Semones licensed the technology in 2012 after four months of talks with the technology office and formed WaveGuide. The chip, he says, should allow his firm to do for NMR what others have done for infrared spectrometry: “turn clunky benchtop scientific instruments into handheld devices.” His goal is to make a handheld NMR that works with nanoparticles to diagnose infectious diseases and cancer.

At first, Semones and partner Nelson Stacks, WaveGuide’s chief executive officer and an entrepreneur and venture capitalist, financed development of the handheld NMR on their own. Earlier this year, they raised $27 million from investors, including Peter Farrell, founder of respiratory disease treatment firm ResMed.

The partners are now on their way to raise an additional $30 million. They plan to hire researchers and set up lab space in Cambridge, Mass., to further develop their handheld device.
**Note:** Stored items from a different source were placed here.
theorem proposition2p7:
  fixes \<alpha> p p' t :: real and f g :: "nat \<Rightarrow> real \<Rightarrow> real"
  assumes "\<alpha> \<ge> 0" and "1 < p" and "1 / p + 1 / p' = 1" and "t \<ge> 0"
    and "tcauchy \<alpha> p f" and "tcauchy \<alpha> p' g"
  shows "\<exists>L. (\<lambda>n. tpair \<alpha> (Tpos t p (f n)) (g n)) \<longlonglongrightarrow> L \<and>
             (\<lambda>n. tpair \<alpha> (f n) (Tneg t p' (g n))) \<longlonglongrightarrow> L"
proof -
  have "p' > 1" by (rule conjugate_exponent_gt_one[OF assms(2,3)])
  then have "tcauchy \<alpha> p' (\<lambda>n. Tneg t p' (g n))" by (intro tcauchy_Tneg assms(1,6)) simp
  then have "convergent (\<lambda>n. tpair \<alpha> (f n) (Tneg t p' (g n)))"
    by (rule tpair_convergent[OF assms(1-3,5)])
  then obtain L where "(\<lambda>n. tpair \<alpha> (f n) (Tneg t p' (g n))) \<longlonglongrightarrow> L"
    unfolding convergent_def by blast
  moreover have "tpair \<alpha> (Tpos t p (f n)) (g n) = tpair \<alpha> (f n) (Tneg t p' (g n))" for n
    using assms(5,6) unfolding tcauchy_def by (intro tpair_Tpos_Tneg assms(1,3)) auto
  ultimately show ?thesis by auto
qed

end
Harvard is eager to license out additional NMR technology, says Sam Liss, business development manager at the university’s technology office. Now ready and waiting is a second-generation microchip from Ham’s group that incorporates an NMR transmitter, arbitrary pulse sequencer, and receiver all on a 4-mm2 piece of silicon. The more advanced chip is another step toward compact, low cost NMRs.
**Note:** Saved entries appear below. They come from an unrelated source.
lemma mult_scaleC_one_left [simp]: "(a *\<^sub>C 1) * (x::'a::cstar_algebra) = a *\<^sub>C x"
  by (simp add: mult_scaleC_left)

lemma selfadjoint_mult_self: "selfadjoint g \<Longrightarrow> selfadjoint (g * g)"
  by (simp add: selfadjoint_def adj_mult)

lemma norm_mult_self_selfadjoint: "selfadjoint g \<Longrightarrow> norm (g * g) = (norm g)\<^sup>2"
  using cstar_identity[of g] by (simp add: selfadjoint_def)

lemma clinear_functional_imp_additive: "clinear_functional f \<Longrightarrow> additive f"
  by unfold_locales (simp add: clinear_functional_def)

lemma clinear_map_imp_additive: "clinear_map f \<Longrightarrow> additive f"
  by unfold_locales (simp add: clinear_map_def)

lemma invertible_el_mult:
  assumes "invertible_el a" "invertible_el b"
  shows "invertible_el (a * b)"
proof -
  obtain a' where a: "a * a' = 1" "a' * a = 1" using assms(1) unfolding invertible_el_def by blast
  obtain b' where b: "b * b' = 1" "b' * b = 1" using assms(2) unfolding invertible_el_def by blast
  have "(a * b) * (b' * a') = 1" by (simp add: mult.assoc flip: mult.assoc[of b b'] add: a b)
  moreover have "(b' * a') * (a * b) = 1" by (simp add: mult.assoc flip: mult.assoc[of a' a] add: a b)
  ultimately show ?thesis unfolding invertible_el_def by blast
qed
“Our goal is to help advance science and ensure new technology is developed and realized as products with impact,” Liss says.
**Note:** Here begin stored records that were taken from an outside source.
text \<open>Restrict to a \<open>k \<times> k\<close> block and write the biadjacency matrix as \<open>M = (J + S) / 2\<close>
  with the sign matrix \<open>S\<close>. For \<open>s > 0\<close> the matrix \<open>X = 2 s S (s\<^sup>2 I + S\<^sup>T S)\<^sup>-\<^sup>1\<close> is a
  contraction, since \<open>2 s t \<le> s\<^sup>2 + t\<^sup>2\<close> for every singular value \<open>t\<close> of \<open>S\<close>, so testing
  \<open>M \<bullet> X\<close> against the normalised all-ones vector gives \<open>\<parallel>G\<parallel> \<ge> (\<Sum> M\<^sub>i\<^sub>j X\<^sub>i\<^sub>j) / k\<close>.
  Here \<open>\<Sum> X\<^sub>i\<^sub>j \<ge> -k\<close>, and expanding the resolvent to second order gives
  \<open>\<Sum> S\<^sub>i\<^sub>j X\<^sub>i\<^sub>j \<ge> 2 k\<^sup>2 / s - 2 tr ((S\<^sup>T S)\<^sup>2) / s\<^sup>3\<close>. The signs are independent and
  symmetric, so \<open>E tr ((S\<^sup>T S)\<^sup>2) \<le> 2 k\<^sup>3\<close>; averaging with \<open>s = 4 sqrt (k / 2)\<close> yields
  \<open>E \<parallel>G\<parallel> \<ge> 3/8 sqrt (k / 2) - 1/2\<close>.\<close>

section \<open>Real matrices on the index range \<open>{..<k}\<close>\<close>

definition dot :: "nat \<Rightarrow> (nat \<Rightarrow> real) \<Rightarrow> (nat \<Rightarrow> real) \<Rightarrow> real" where
  "dot k x y = (\<Sum>j<k. x j * y j)"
Large, established companies have “deep capabilities and broad distribution channels” to get technology to market, Liss says. “But start-ups move faster and are willing to take greater risk.” At this point, he adds, the jury is still out on the type of business partner best suited to bring the Ham group’s latest microchip design to market.

Like WaveGuide, T2 Biosystems also converted university technology into an NMR-based tool. T2’s benchtop analyzer tests for candida fungal infection in the blood in a matter of hours instead of days. The business got started in 2006 with technology developed at Massachusetts Institute of Technology and Massachusetts General Hospital, says Tom Lowery, T2’s chief scientific officer.

The technology itself arose from a research collaboration among six scientists associated with the two institutions. Among the scientists was Priestley Medalist and serial entrepreneur Robert Langer.

To get its technology off the ground, T2 raised about $100 million over several investment rounds from venture capital firms including Flagship Ventures, Aisling Capital, and Flybridge Capital Partners. In August, the firm went public, raising about $57 million. It recently filed a preliminary prospectus with the Securities & Exchange Commission to sell another $100 million in stock at some point in the future.

But now comes the hard part for T2 and any start-up that has made it as far as T2 has: making money. The firm reported a $22 million loss in the first half of the year.

But that may change, as T2’s sales force is now actively selling its NMR-based T2Dx System to hospitals in the U.S. and Europe, Lowery says. Through the end of June, T2 had secured 10 hospital contracts, he said.